Given entries:
^^^^^^^^
(* Consider an imprecise hidden Markov model as in the context with fixed output sequence $o_{1:n}$, under the positivity assumption. Let $k\in\{1,\dots,n-1\}$, $z_{k-1}\in\mathcal{X}_{k-1}$ and $s\in\{k,\dots,n\}$, and let $\hat{x}_{k:s-1}$ be any prefix kept while performing the optimal tree construction (for $s=k$ this is the empty sequence). Then there is at least one $x_s\in\mathcal{X}_s$ such that some element of $\mathrm{Mog}(\mathcal{X}_{k:n}\mid z_{k-1},o_{k:n})$ begins with $\hat{x}_{k:s-1}\oplus x_s$ and $\alpha^{\max}_s(x_s)\ge\alpha^{\mathrm{opt}}_k(\hat{x}_{k:s-1}\oplus x_s\mid z_{k-1})$.
   Context: Setting: $n\ge1$; $\mathcal{X}_0=\{x_0\}$ a singleton; finite non-empty $\mathcal{X}_1,\dots,\mathcal{X}_n$, $\mathcal{O}_1,\dots,\mathcal{O}_n$; $\mathcal{X}_{k:\ell}=\times_{r=k}^\ell\mathcal{X}_r$, similarly $\mathcal{O}_{k:\ell}$; $\oplus$ is concatenation. Coherent lower previsions $\underline{P}$: $\underline{P}(f)\ge\min f$, $\underline{P}(\lambda f)=\lambda\underline{P}(f)$ ($\lambda\ge0$), $\underline{P}(f+g)\ge\underline{P}(f)+\underline{P}(g)$; $\overline{P}(f)=-\underline{P}(-f)$; $\underline{P}(A)=\underline{P}(\mathbb{I}_A)$. Local models: coherent $\underline{Q}_k(\cdot\mid z_{k-1})$ on gambles on $\mathcal{X}_k$ and $\underline{S}_k(\cdot\mid z_k)$ on gambles on $\mathcal{O}_k$. Joint models: $\underline{E}_n(\cdot\mid z_n):=\underline{S}_n(\cdot\mid z_n)$; for $k<n$, $\underline{E}_k(\cdot\mid X_k)$ is the conditionally independent natural extension of $\underline{S}_k(\cdot\mid X_k)$ and $\underline{P}_{k+1}(\cdot\mid X_k)$ (pointwise smallest separately coherent conditional lower prevision on gambles on $\mathcal{X}_{k+1:n}\times\mathcal{O}_{k:n}$ jointly coherent with and extending both, with $O_k$ and $(X_{k+1:n},O_{k+1:n})$ mutually epistemically irrelevant given $X_k$); $\underline{P}_k(f\mid z_{k-1}):=\underline{Q}_k\big(\sum_{z_k}\mathbb{I}_{\{z_k\}}\underline{E}_k(f(z_k,\cdot)\mid z_k)\mid z_{k-1}\big)$. Positivity: $\overline{Q}_k(\{z_k\}\mid z_{k-1})>0$, $\overline{S}_k(\{o_k\}\mid z_k)>0$ always. $\mathrm{opt}(\mathcal{X}_{k:n}\mid z_{k-1},o_{k:n})$: the $\hat{x}_{k:n}$ with $\underline{P}_k(\mathbb{I}_{o_{k:n}}[\mathbb{I}_{x_{k:n}}-\mathbb{I}_{\hat{x}_{k:n}}]\mid z_{k-1})\le0$ for all $x_{k:n}$. $\alpha_k(z_{k:n}):=\overline{S}_k(\{o_k\}\mid z_k)\prod_{i=k+1}^n\overline{S}_i(\{o_i\}\mid z_i)\overline{Q}_i(\{z_i\}\mid z_{i-1})$, $\beta_k$ the same with lower previsions; $\alpha^{\max}_k(x_k)$, $\beta^{\max}_k(x_k)$ their maxima over $z_{k:n}$ with $z_k=x_k$; $\tau_k(x_k,\hat{x}_k\mid z_{k-1}):=\min\{a\ge0:\underline{Q}_k(\mathbb{I}_{\{x_k\}}-a\mathbb{I}_{\{\hat{x}_k\}}\mid z_{k-1})\le0\}$; $\alpha^{\mathrm{opt}}_k(\hat{x}_k\mid z_{k-1}):=\max_{x_k\neq\hat{x}_k}\beta^{\max}_k(x_k)\tau_k(x_k,\hat{x}_k\mid z_{k-1})$ and for $s>k$, $\alpha^{\mathrm{opt}}_k(z_{k:s}\mid z_{k-1}):=\alpha^{\mathrm{opt}}_k(z_{k:s-1}\mid z_{k-1})/(\overline{S}_{s-1}(\{o_{s-1}\}\mid z_{s-1})\overline{Q}_s(\{z_s\}\mid z_{s-1}))$. $\mathrm{Pos}_k(z_{k-1}):=\{z_k:\underline{Q}_k(\{z_k\}\mid z_{k-1})>0,\ \underline{S}_k(\{o_k\}\mid z_k)>0\}$; for $k<n$, $\mathrm{Mog}(\mathcal{X}_{k:n}\mid z_{k-1},o_{k:n}):=\bigcup_{z_k\in\mathrm{Pos}_k(z_{k-1})}z_k\oplus\mathrm{opt}(\mathcal{X}_{k+1:n}\mid z_k,o_{k+1:n})\cup\bigcup_{z_k\notin\mathrm{Pos}_k(z_{k-1})}z_k\oplus\mathcal{X}_{k+1:n}$. Optimal tree construction: keep the $\hat{x}_k$ with $\alpha^{\max}_k(\hat{x}_k)\ge\alpha^{\mathrm{opt}}_k(\hat{x}_k\mid z_{k-1})$; then for $s=k+1,\dots,n$, extend each kept prefix $\hat{x}_{k:s-1}$ by those $x_s$ for which some element of $\mathrm{Mog}(\mathcal{X}_{k:n}\mid z_{k-1},o_{k:n})$ begins with $\hat{x}_{k:s-1}\oplus x_s$ and $\alpha^{\max}_s(x_s)\ge\alpha^{\mathrm{opt}}_k(\hat{x}_{k:s-1}\oplus x_s\mid z_{k-1})$. *)

theory Defs
  imports "HOL-Analysis.Analysis"
begin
^^^^^^^^
Only the lines from the one containing "theory Defs" through the last line of the records are to be set down, exactly as they appear.

theory Defs
  imports "HOL-Analysis.Analysis"
begin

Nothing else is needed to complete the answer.